Why Many SAD Lamps Optimise for Brightness Over Biology
Most Seasonal Affective Disorder (SAD) lamps are designed to satisfy a brightness requirement.
They achieve this by concentrating output into a narrow blue peak around 450 nanometres (nm), allowing high lux readings from relatively small, intense sources.
This approach works visually and on spec sheets.
It is efficient.
It is easy to measure.
Biology responds differently.
Melanopsin does not respond optimally to narrow spectral spikes or point-like intensity. It integrates broad spectral input delivered across a wide portion of the retina and sustained over time.
As a result, many SAD lamps:
- prioritise peak brightness over retinal coverage
- rely on narrow blue output rather than broad, daylight-like spectra
- use small sources that increase glare and trigger pupil constriction
- deliver high lux while stimulating relatively little retinal area
The outcome is familiar.
Light that looks powerful on paper but feels harsh, fatiguing, or inconsistent in its biological effect.

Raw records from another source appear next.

(* For any finite family of Boolean functions $f_1,\dots,f_k:\{0,1\}^n\times\{0,1\}^n\to\{0,1\}$, the garden-hose complexity satisfies \[ GH\Big(\bigoplus_{i=1}^k f_i\Big)\ \le\ 4\sum_{i=1}^k GH(f_i), \] where $\bigoplus_i f_i$ is the pointwise XOR.
   Context: Garden-hose model: Alice holds $x$, Bob holds $y$. There are $m$ pipes, each with one end on Alice's side and one on Bob's side. Depending only on $x$, Alice connects a water tap to one of her pipe ends and connects some disjoint pairs of her remaining pipe ends by hoses; depending only on $y$, Bob connects some disjoint pairs of his pipe ends by hoses. Water from the tap flows through the resulting path and spills out of an open pipe end, on Alice's or Bob's side. A protocol computes $f$ if the water spills on Alice's side when $f(x,y)=0$ and on Bob's side when $f(x,y)=1$. $GH(f)$ is the minimal number of pipes of a garden-hose protocol computing $f$. *)

theory Defs
  imports Main
begin

text \<open>Pipes are numbered 0,...,m-1. A side is a bool:
  True = Bob's side, False = Alice's side.  A set of disjoint pairs of pipe
  ends on one side is encoded by an involution p on {0..<m}: p i = j with
  j \<noteq> i means the ends of pipes i and j are joined by a hose, and p i = i
  means the end of pipe i on that side is not joined to another pipe end.\<close>

definition hose_matching :: "nat \<Rightarrow> (nat \<Rightarrow> nat) \<Rightarrow> bool" where
  "hose_matching m p \<longleftrightarrow> (\<forall>i<m. p i < m \<and> p (p i) = i)"
text \<open>R^n is represented as the set of sequences nat => real vanishing from index n on.\<close>

definition Eucl :: "nat \<Rightarrow> (nat \<Rightarrow> real) set" where
  "Eucl n = {x. \<forall>i\<ge>n. x i = 0}"

definition eopen :: "nat \<Rightarrow> (nat \<Rightarrow> real) set \<Rightarrow> bool" where
  "eopen n U \<longleftrightarrow> U \<subseteq> Eucl n \<and>
     (\<forall>x\<in>U. \<exists>e>0. \<forall>y\<in>Eucl n. (\<forall>i<n. \<bar>y i - x i\<bar> < e) \<longrightarrow> y \<in> U)"

definition econt :: "nat \<Rightarrow> (nat \<Rightarrow> real) set \<Rightarrow> ((nat \<Rightarrow> real) \<Rightarrow> real) \<Rightarrow> bool" where
  "econt n U f \<longleftrightarrow> (\<forall>x\<in>U. \<forall>e>0. \<exists>d>0. \<forall>y\<in>U.
      (\<forall>i<n. \<bar>y i - x i\<bar> < d) \<longrightarrow> \<bar>f y - f x\<bar> < e)"

definition has_pd :: "(nat \<Rightarrow> real) set \<Rightarrow> ((nat \<Rightarrow> real) \<Rightarrow> real) \<Rightarrow> nat
    \<Rightarrow> ((nat \<Rightarrow> real) \<Rightarrow> real) \<Rightarrow> bool" where
  "has_pd U f i g \<longleftrightarrow> (\<forall>x\<in>U. ((\<lambda>t. f (x(i := x i + t))) has_real_derivative g x) (at 0))"

primrec Ck :: "nat \<Rightarrow> (nat \<Rightarrow> real) set \<Rightarrow> nat \<Rightarrow> ((nat \<Rightarrow> real) \<Rightarrow> real) set" where
  "Ck n U 0 = {f. econt n U f}"
| "Ck n U (Suc k) = {f. econt n U f \<and> (\<forall>i<n. \<exists>g\<in>Ck n U k. has_pd U f i g)}"

definition smooth_fun :: "nat \<Rightarrow> (nat \<Rightarrow> real) set \<Rightarrow> ((nat \<Rightarrow> real) \<Rightarrow> real) \<Rightarrow> bool" where
  "smooth_fun n U f \<longleftrightarrow> (\<forall>k. f \<in> Ck n U k)"

definition smooth_map :: "nat \<Rightarrow> (nat \<Rightarrow> real) set \<Rightarrow> nat
    \<Rightarrow> ((nat \<Rightarrow> real) \<Rightarrow> (nat \<Rightarrow> real)) \<Rightarrow> bool" where
  "smooth_map m V n F \<longleftrightarrow> (\<forall>x\<in>V. F x \<in> Eucl n) \<and> (\<forall>j<n. smooth_fun m V (\<lambda>x. F x j))"

text \<open>A plot is a triple (n, U, P) with U open in R^n and P : U -> X (extensional).\<close>
type_synonym 'a diffeology = "(nat \<times> (nat \<Rightarrow> real) set \<times> ((nat \<Rightarrow> real) \<Rightarrow> 'a)) set"

definition diffeology :: "'a set \<Rightarrow> 'a diffeology \<Rightarrow> bool" where
  "diffeology X D \<longleftrightarrow>
     (\<forall>n U P. (n, U, P) \<in> D \<longrightarrow> eopen n U \<and> P \<in> U \<rightarrow> X \<and> P \<in> extensional U)
   \<and> (\<forall>n U x. eopen n U \<and> x \<in> X \<longrightarrow> (n, U, restrict (\<lambda>_. x) U) \<in> D)
   \<and> (\<forall>n U P. eopen n U \<and> P \<in> U \<rightarrow> X \<and> P \<in> extensional U \<and>
        (\<forall>u\<in>U. \<exists>V. eopen n V \<and> u \<in> V \<and> V \<subseteq> U \<and> (n, V, restrict P V) \<in> D)
        \<longrightarrow> (n, U, P) \<in> D)
   \<and> (\<forall>n U P m V F. (n, U, P) \<in> D \<and> eopen m V \<and> smooth_map m V n F \<and> F ` V \<subseteq> U
        \<longrightarrow> (m, V, restrict (P \<circ> F) V) \<in> D)"

definition dsmooth :: "'a diffeology \<Rightarrow> 'b diffeology \<Rightarrow> ('a \<Rightarrow> 'b) \<Rightarrow> bool" where
  "dsmooth DX DY f \<longleftrightarrow> (\<forall>n U P. (n, U, P) \<in> DX \<longrightarrow> (n, U, restrict (f \<circ> P) U) \<in> DY)"

definition prod_diff :: "'a diffeology \<Rightarrow> 'b diffeology \<Rightarrow> ('a \<times> 'b) diffeology" where
  "prod_diff D1 D2 = {(n, U, P). eopen n U \<and> P \<in> extensional U \<and>
      (n, U, restrict (fst \<circ> P) U) \<in> D1 \<and> (n, U, restrict (snd \<circ> P) U) \<in> D2}"

definition sub_diff :: "'a diffeology \<Rightarrow> 'a set \<Rightarrow> 'a diffeology" where
  "sub_diff D A = {(n, U, P). (n, U, P) \<in> D \<and> P ` U \<subseteq> A}"

definition quot_diff :: "'a set \<Rightarrow> 'a diffeology \<Rightarrow> ('a \<Rightarrow> 'b) \<Rightarrow> 'b diffeology" where
  "quot_diff X D q = {(n, U, P). eopen n U \<and> P \<in> extensional U \<and> P \<in> U \<rightarrow> q ` X \<and>
      (\<forall>u\<in>U. \<exists>V. eopen n V \<and> u \<in> V \<and> V \<subseteq> U \<and>
         ((\<exists>c. \<forall>v\<in>V. P v = c) \<or> (\<exists>Q. (n, V, Q) \<in> D \<and> (\<forall>v\<in>V. P v = q (Q v)))))}"

definition zvec :: "nat \<Rightarrow> real" where "zvec = (\<lambda>_. 0)"

definition locally_subductive_at :: "'a diffeology \<Rightarrow> 'b diffeology \<Rightarrow> ('a \<Rightarrow> 'b) \<Rightarrow> 'a \<Rightarrow> bool" where
  "locally_subductive_at DX DY f x \<longleftrightarrow>
     (\<forall>n U P. (n, U, P) \<in> DY \<and> zvec \<in> U \<and> P zvec = f x \<longrightarrow>
        (\<exists>V Q. eopen n V \<and> zvec \<in> V \<and> V \<subseteq> U \<and> (n, V, Q) \<in> DX \<and> Q zvec = x \<and>
               (\<forall>v\<in>V. f (Q v) = P v)))"

definition local_subduction :: "'a set \<Rightarrow> 'a diffeology \<Rightarrow> 'b diffeology \<Rightarrow> ('a \<Rightarrow> 'b) \<Rightarrow> bool" where
  "local_subduction X DX DY f \<longleftrightarrow> dsmooth DX DY f \<and> (\<forall>x\<in>X. locally_subductive_at DX DY f x)"

record ('g, 'm) dgpd =
  arr :: "'g set"
  obj :: "'m set"
  darr :: "'g diffeology"
  dobj :: "'m diffeology"
  gsrc :: "'g \<Rightarrow> 'm"
  gtgt :: "'g \<Rightarrow> 'm"
  gid :: "'m \<Rightarrow> 'g"
  ginv :: "'g \<Rightarrow> 'g"
  gcomp :: "'g \<Rightarrow> 'g \<Rightarrow> 'g"

definition composable :: "('g, 'm, 'z) dgpd_scheme \<Rightarrow> ('g \<times> 'g) set" where
  "composable G = {(g, h). g \<in> arr G \<and> h \<in> arr G \<and> gsrc G g = gtgt G h}"

definition groupoid :: "('g, 'm, 'z) dgpd_scheme \<Rightarrow> bool" where
  "groupoid G \<longleftrightarrow>
     gsrc G \<in> arr G \<rightarrow> obj G \<and> gtgt G \<in> arr G \<rightarrow> obj G \<and> gid G \<in> obj G \<rightarrow> arr G
   \<and> (\<forall>x\<in>obj G. gsrc G (gid G x) = x \<and> gtgt G (gid G x) = x)
   \<and> (\<forall>(g, h)\<in>composable G. gcomp G g h \<in> arr G \<and>
        gsrc G (gcomp G g h) = gsrc G h \<and> gtgt G (gcomp G g h) = gtgt G g)
   \<and> (\<forall>f\<in>arr G. \<forall>g\<in>arr G. \<forall>h\<in>arr G. gsrc G f = gtgt G g \<and> gsrc G g = gtgt G h \<longrightarrow>
        gcomp G (gcomp G f g) h = gcomp G f (gcomp G g h))
   \<and> (\<forall>g\<in>arr G. gcomp G (gid G (gtgt G g)) g = g \<and> gcomp G g (gid G (gsrc G g)) = g)
   \<and> (\<forall>g\<in>arr G. ginv G g \<in> arr G \<and> gsrc G (ginv G g) = gtgt G g \<and> gtgt G (ginv G g) = gsrc G g
        \<and> gcomp G (ginv G g) g = gid G (gsrc G g) \<and> gcomp G g (ginv G g) = gid G (gtgt G g))"

definition diffeological_groupoid :: "('g, 'm, 'z) dgpd_scheme \<Rightarrow> bool" where
  "diffeological_groupoid G \<longleftrightarrow> groupoid G
   \<and> diffeology (arr G) (darr G) \<and> diffeology (obj G) (dobj G)
   \<and> dsmooth (darr G) (dobj G) (gsrc G) \<and> dsmooth (darr G) (dobj G) (gtgt G)
   \<and> dsmooth (dobj G) (darr G) (gid G) \<and> dsmooth (darr G) (darr G) (ginv G)
   \<and> dsmooth (sub_diff (prod_diff (darr G) (darr G)) (composable G)) (darr G)
        (\<lambda>p. gcomp G (fst p) (snd p))"

definition locally_subductive_dgpd :: "('g, 'm, 'z) dgpd_scheme \<Rightarrow> bool" where
  "locally_subductive_dgpd G \<longleftrightarrow> diffeological_groupoid G
   \<and> local_subduction (arr G) (darr G) (dobj G) (gsrc G)
   \<and> local_subduction (arr G) (darr G) (dobj G) (gtgt G)"

inductive_set comm_sub :: "('g, 'm, 'z) dgpd_scheme \<Rightarrow> 'm \<Rightarrow> 'g set" for G x where
  unit: "x \<in> obj G \<Longrightarrow> gid G x \<in> comm_sub G x"
| comm: "\<lbrakk>a \<in> arr G; b \<in> arr G; gsrc G a = x; gtgt G a = x; gsrc G b = x; gtgt G b = x\<rbrakk>
     \<Longrightarrow> gcomp G (gcomp G a b) (gcomp G (ginv G a) (ginv G b)) \<in> comm_sub G x"
| mult: "\<lbrakk>k \<in> comm_sub G x; l \<in> comm_sub G x\<rbrakk> \<Longrightarrow> gcomp G k l \<in> comm_sub G x"
| inverse: "k \<in> comm_sub G x \<Longrightarrow> ginv G k \<in> comm_sub G x"

definition comm_subgpd :: "('g, 'm, 'z) dgpd_scheme \<Rightarrow> 'g set" where
  "comm_subgpd G = (\<Union>x\<in>obj G. comm_sub G x)"

definition ab_rel :: "('g, 'm, 'z) dgpd_scheme \<Rightarrow> 'g \<Rightarrow> 'g \<Rightarrow> bool" where
  "ab_rel G g h \<longleftrightarrow> g \<in> arr G \<and> h \<in> arr G \<and>
     (\<exists>k\<in>comm_subgpd G. gsrc G k = gtgt G g \<and> h = gcomp G k g)"

definition ab_class :: "('g, 'm, 'z) dgpd_scheme \<Rightarrow> 'g \<Rightarrow> 'g set" where
  "ab_class G g = {h. ab_rel G g h}"

definition abelianization :: "('g, 'm, 'z) dgpd_scheme \<Rightarrow> ('g set, 'm) dgpd" where
  "abelianization G = \<lparr>
     arr = ab_class G ` arr G,
     obj = obj G,
     darr = quot_diff (arr G) (darr G) (ab_class G),
     dobj = dobj G,
     gsrc = (\<lambda>c. gsrc G (SOME g. g \<in> c)),
     gtgt = (\<lambda>c. gtgt G (SOME g. g \<in> c)),
     gid = (\<lambda>x. ab_class G (gid G x)),
     ginv = (\<lambda>c. ab_class G (ginv G (SOME g. g \<in> c))),
     gcomp = (\<lambda>c d. ab_class G (gcomp G (SOME g. g \<in> c) (SOME h. h \<in> d))) \<rparr>"

end

theory Submission
  imports Defs
begin

text \<open>The commutator subgroups of the isotropy groups form a normal subgroupoid, so congruence
  modulo it is compatible with composition and inversion, and the groupoid operations descend to
  classes. In the quotient diffeology every plot lifts locally to a plot of the arrows. Hence a
  map out of the quotient is smooth as soon as its composite with the quotient map is, which gives
  smoothness of the induced source, target and inversion; composition is handled by lifting a plot
  of composable pairs of classes to a plot of composable pairs of arrows. Finally, a local lift of
  a plot of the objects through the source (or target) of the groupoid, followed by the quotient
  map, is a local lift through the induced source (or target).\<close>

section \<open>Groupoid algebra\<close>

locale groupoid_structure =
  fixes G :: "('g, 'm, 'z) dgpd_scheme"
  assumes groupoid: "groupoid G"
begin

lemma src_closed: "g \<in> arr G \<Longrightarrow> gsrc G g \<in> obj G"
  and tgt_closed: "g \<in> arr G \<Longrightarrow> gtgt G g \<in> obj G"
  and id_closed [simp]: "x \<in> obj G \<Longrightarrow> gid G x \<in> arr G"
  and src_id [simp]: "x \<in> obj G \<Longrightarrow> gsrc G (gid G x) = x"
  and tgt_id [simp]: "x \<in> obj G \<Longrightarrow> gtgt G (gid G x) = x"
  using groupoid unfolding groupoid_def by auto

lemma comp_closed [simp]:
    "a \<in> arr G \<Longrightarrow> b \<in> arr G \<Longrightarrow> gsrc G a = gtgt G b \<Longrightarrow> gcomp G a b \<in> arr G"
  and src_comp [simp]:
    "a \<in> arr G \<Longrightarrow> b \<in> arr G \<Longrightarrow> gsrc G a = gtgt G b \<Longrightarrow> gsrc G (gcomp G a b) = gsrc G b"
  and tgt_comp [simp]:
    "a \<in> arr G \<Longrightarrow> b \<in> arr G \<Longrightarrow> gsrc G a = gtgt G b \<Longrightarrow> gtgt G (gcomp G a b) = gtgt G a"
  using groupoid unfolding groupoid_def composable_def by auto

lemma comp_assoc [simp]:
  "f \<in> arr G \<Longrightarrow> g \<in> arr G \<Longrightarrow> h \<in> arr G \<Longrightarrow> gsrc G f = gtgt G g \<Longrightarrow> gsrc G g = gtgt G h \<Longrightarrow>
   gcomp G (gcomp G f g) h = gcomp G f (gcomp G g h)"
  using groupoid unfolding groupoid_def by blast
theorem lemma2p3:
  fixes p :: nat and P :: "('a, 'b) monoid_scheme"
  assumes "Factorial_Ring.prime p" and "odd p"
    and "p_group p P"
    and "nilpotent_class_2 P"
    and "has_exponent p P"
  shows "(\<exists>Q A. subgroup Q P \<and> subgroup A P \<and>
            centre P Q = derived P Q \<and> derived P Q = derived P (carrier P) \<and>
            A \<subseteq> centre P (carrier P) \<and> internal_direct_product P Q A)
       \<and> (\<forall>Q R. subgroup Q P \<and> subgroup R P \<and>
            centre P Q = derived P Q \<and> derived P Q = derived P (carrier P) \<and>
            derived P (carrier P) = derived P R \<and> derived P R = centre P R \<and>
            Q <#>\<^bsub>P\<^esub> centre P (carrier P) = carrier P \<and>
            R <#>\<^bsub>P\<^esub> centre P (carrier P) = carrier P \<longrightarrow>
              (\<forall>A. subgroup A P \<and> A \<subseteq> centre P (carrier P) \<and> internal_direct_product P Q A
                     \<longrightarrow> internal_direct_product P R A)
            \<and> (\<exists>\<phi>. upper_central_aut P \<phi> \<and> \<phi> ` Q = R \<and>
                    (\<forall>z \<in> centre P (carrier P). \<phi> z = z)))"
proof -
  interpret group P
    using assms(3) unfolding p_group_def by blast
  have fin: "finite (carrier P)"
    using assms(3) unfolding p_group_def by blast
  have exponent: "\<forall>x\<in>carrier P. x [^]\<^bsub>P\<^esub> p = \<one>\<^bsub>P\<^esub>"
    using assms(5) unfolding has_exponent_def .
  have "derived P (carrier P) \<subseteq> centre P (carrier P)"
    using assms(4) unfolding nilpotent_class_2_def by blast
  note part_i = class_two_prime_exponent_decomposition[OF fin assms(1) exponent this]
  then obtain Q0 A0 where Q0: "subgroup Q0 P" "centre P Q0 = derived P Q0"
      "derived P Q0 = derived P (carrier P)"
    and A0: "subgroup A0 P" "A0 \<subseteq> centre P (carrier P)" "internal_direct_product P Q0 A0"
    by blast
  show ?thesis
  proof (rule conjI[OF part_i], intro allI impI)
    fix Q R
    assume QR: "subgroup Q P \<and> subgroup R P \<and>
      centre P Q = derived P Q \<and> derived P Q = derived P (carrier P) \<and>
      derived P (carrier P) = derived P R \<and> derived P R = centre P R \<and>
      Q <#>\<^bsub>P\<^esub> centre P (carrier P) = carrier P \<and> R <#>\<^bsub>P\<^esub> centre P (carrier P) = carrier P"
    have "internal_direct_product P Q A0"
      using complements_of_equal_centre[OF Q0 _ _ _ _ A0] QR by auto
    then show "(\<forall>A. subgroup A P \<and> A \<subseteq> centre P (carrier P) \<and> internal_direct_product P Q A
                  \<longrightarrow> internal_direct_product P R A)
      \<and> (\<exists>\<phi>. upper_central_aut P \<phi> \<and> \<phi> ` Q = R \<and> (\<forall>z \<in> centre P (carrier P). \<phi> z = z))"
      using complements_of_equal_centre[of Q R] QR A0(1,2) by blast
  qed
qed
definition horn :: "nat \<Rightarrow> nat \<Rightarrow> (nat \<Rightarrow> real) set" where
  "horn n k = {t \<in> standard_simplex n. \<exists>i\<le>n. i \<noteq> k \<and> t i = 0}"

definition horn_retraction :: "nat \<Rightarrow> nat \<Rightarrow> (nat \<Rightarrow> real) \<Rightarrow> nat \<Rightarrow> real" where
  "horn_retraction n k t i =
     (if i \<le> n then if i = k then t i + real n * horn_min n k t else t i - horn_min n k t else t i)"

lemma horn_min_le: "i \<le> n \<Longrightarrow> i \<noteq> k \<Longrightarrow> horn_min n k t \<le> t i"
  unfolding horn_min_def by (rule Min_le) auto

lemma horn_min_attained:
  assumes "1 \<le> n"
  obtains i where "i \<le> n" "i \<noteq> k" "t i = horn_min n k t"
proof -
  have "{..n} - {k} \<noteq> {}"
    using assms by (cases "k = 0") auto
  then have "horn_min n k t \<in> t ` ({..n} - {k})"
    unfolding horn_min_def by (intro Min_in) auto
  then obtain i where "i \<in> {..n} - {k}" "horn_min n k t = t i"
    by (rule imageE)
  then show ?thesis
    using that[of i] by simp
qed

lemma horn_min_nonneg:
  assumes "1 \<le> n" "t \<in> standard_simplex n"
  shows "0 \<le> horn_min n k t"
proof -
  obtain i where "t i = horn_min n k t"
    using horn_min_attained[OF assms(1)] .
  moreover have "0 \<le> t i"
    using assms(2) by (simp add: standard_simplex_def)
  ultimately show ?thesis
    by simp
qed

lemma horn_retraction_in_standard_simplex:
  assumes n: "1 \<le> n" "k \<le> n" and t: "t \<in> standard_simplex n"
  shows "horn_retraction n k t \<in> standard_simplex n"
proof (rule standard_simplexI)
  let ?h = "horn_min n k t"
  have "(\<Sum>j\<le>n. horn_retraction n k t j) = (\<Sum>j\<le>n. t j - ?h + (if j = k then (real n + 1) * ?h else 0))"
    by (rule sum.cong) (auto simp: horn_retraction_def algebra_simps)
  also have "\<dots> = (\<Sum>j\<le>n. t j)"
    using n by (simp add: sum.distrib sum_subtractf)
  finally show "(\<Sum>j\<le>n. horn_retraction n k t j) = 1"
    using t by (simp add: standard_simplex_def)
  show "0 \<le> horn_retraction n k t j" for j
    using horn_min_le[of j n k t] horn_min_nonneg[OF n(1) t, of k] t
    by (auto simp: horn_retraction_def standard_simplex_def)
  show "horn_retraction n k t j = 0" if "n < j" for j
    using that t by (simp add: horn_retraction_def standard_simplex_def)
qed

lemma horn_retraction_in_horn:
  assumes "1 \<le> n" "k \<le> n" "t \<in> standard_simplex n"
  shows "horn_retraction n k t \<in> horn n k"
proof -
  obtain i where "i \<le> n" "i \<noteq> k" "t i = horn_min n k t"
    using horn_min_attained[OF assms(1)] .
  then show ?thesis
    using horn_retraction_in_standard_simplex[OF assms] by (auto simp: horn_def horn_retraction_def)
qed

lemma horn_retraction_fixpoint:
  assumes "1 \<le> n" "t \<in> horn n k"
  shows "horn_retraction n k t = t"
proof -
  obtain i where "i \<le> n" "i \<noteq> k" "t i = 0" "t \<in> standard_simplex n"
    using assms(2) by (auto simp: horn_def)
  then have "horn_min n k t = 0"
    using horn_min_le[of i n k t] horn_min_nonneg[OF assms(1), of t k] by simp
  then show ?thesis
    by (auto simp: horn_retraction_def)
qed

lemma continuous_map_horn_retraction:
  assumes "1 \<le> n" "k \<le> n"
  shows "continuous_map (simplex_top n) (simplex_top n) (horn_retraction n k)"
proof (rule continuous_map_simplex_top)
  show "horn_retraction n k \<in> standard_simplex n \<rightarrow> standard_simplex n"
    using assms horn_retraction_in_standard_simplex by blast
  have "{..n} - {k} \<noteq> {}"
    using assms by (cases "k = 0") auto
  then have "continuous_map (powertop_real UNIV) euclideanreal (horn_min n k)"
    unfolding horn_min_def by (auto intro!: continuous_map_Min continuous_map_product_projection)
  then show "continuous_map (powertop_real UNIV) euclideanreal (\<lambda>t. horn_retraction n k t i)" for i
    by (auto simp: horn_retraction_def intro!: continuous_map_product_projection continuous_map_add
        continuous_map_diff continuous_map_real_mult_left)
qed

definition horn_glue ::
  "nat \<Rightarrow> nat \<Rightarrow> (nat \<Rightarrow> ((nat \<Rightarrow> real) \<times> 'a) set) \<Rightarrow> ((nat \<Rightarrow> real) \<times> 'a) set" where
  "horn_glue n k x = (\<Union>i\<in>{..n} - {k}. map_prod (simplical_face i) id ` x i)"

definition horn_filler ::
  "nat \<Rightarrow> nat \<Rightarrow> (nat \<Rightarrow> ((nat \<Rightarrow> real) \<times> 'a) set) \<Rightarrow> ((nat \<Rightarrow> real) \<times> 'a) set" where
  "horn_filler n k x = mv_comp_graph (simplex_top n) (horn_retraction n k) (horn_glue n k x)"

lemma mem_horn_glue:
  "(a, z) \<in> horn_glue n k x \<longleftrightarrow> (\<exists>i b. i \<le> n \<and> i \<noteq> k \<and> a = simplical_face i b \<and> (b, z) \<in> x i)"
  unfolding horn_glue_def by force
lemma world_succ_confluent:
  assumes "world_le w w'" "world_succ w v"
  shows "\<exists>v'. world_le v v' \<and> world_succ w' v'"
proof -
  obtain y where y: "y \<in> canon_moments" "moment_succ canon_moments w y" "rep y = v"
    using assms(2) unfolding world_succ_def by blast
  obtain b where b: "b \<in> canon_moments" "moment_le y b" "moment_succ canon_moments w' b"
    using moment_succ_confluent y(1,2) assms(1) unfolding world_le_def by blast
  have "w' \<in> worlds" "v \<in> worlds"
    using assms unfolding world_le_def world_succ_def by auto
  then have "world_succ w' (rep b)" "moment_le b (rep b)"
    using world_succ_step b(1,3) by blast+
  moreover have "moment_le v y"
    using rep_equiv y by blast
  ultimately show ?thesis
    unfolding world_le_def using \<open>v \<in> worlds\<close> b(2) rep_in_worlds[OF b(1)] moment_le_trans
    by blast
qed

lemma world_succ_type_S: "world_succ w v \<Longrightarrow> type_S (label w) (label v)"
  unfolding world_succ_def using moment_succ_iff label_rep by metis

lemma world_succ_omega_sensible:
  assumes w: "w \<in> worlds" and "Dia f \<in> snd (label w)"
  shows "\<exists>n v. (world_succ ^^ n) w v \<and> f \<in> snd (label v)"
proof -
  have "w \<in> reaching f"
    using reaching_if_Dia assms worlds_subset by blast
  then obtain n v where nv: "(canon_step ^^ n) w v" "f \<in> snd (label v)"
    unfolding reaching_def by blast
  obtain v' where "(world_succ ^^ n) w v'" "moment_le v v'"
    using world_succ_path[OF nv(1) w moment_le_refl] by blast
  moreover have "v \<in> canon_moments"
    using canon_step_path_in_canon_moments nv(1) w worlds_subset by blast
  ultimately show ?thesis
    using nv(2) canon_moments_moment_le_label by blast
qed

How Chroma Approaches Spectrum, Geometry, and Exposure
Chroma designs light around biological interpretation rather than convenience metrics.
Rather than optimising for lux targets, designs like the Sky Portal and Sky Portal Mini are built around how the eye and circadian system actually integrate light.
This means:
- spectrum weighted for biological relevance, not visual brightness alone
- geometry treated as a first-order variable rather than an afterthought
- exposure shaped to engage more of the retina comfortably over time
In practice, the Sky Portal / Mini prioritises:
- wide-field illumination that stimulates a larger retinal area
- a balanced, day/night-aligned spectrum rather than narrow peaks
- diffuse output that limits glare and preserves natural pupil behaviour
The goal is not to overwhelm the eye with intensity.
It is to deliver a stronger biological signal by respecting how the eye actually receives and integrates light.
Note on Spectrum Design:
Unlike many SAD lamps that concentrate output in a narrow blue band, the Sky Portal and Sky Portal Mini's white channel is designed to shape which wavelengths reach the eye.
It reduces the 430–460 nm blue range commonly associated with visual strain, while increasing output in the violet and cyan bands around 415 nm and 480 nm. These wavelengths are relevant for stimulating multiple non-visual photoreceptors, including OPN3 (Encephalopsin), OPN4 (melanopsin), and OPN5 (Neuropsin), which are involved in alertness, mood regulation, and circadian signaling.
The intent is not to increase perceived brightness, but to deliver biologically useful light more efficiently and comfortably.

Lux Measures Light. Biology Reads the World.
Lux is a useful number.
It tells us:
how bright a point appears under specific conditions.
It does not describe:
how light behaves across the retina, over time, within a living system.
If two lights measure the same lux but feel different, it is because they are different.
Your biology is not confused.
It is responding accurately to information lux cannot see.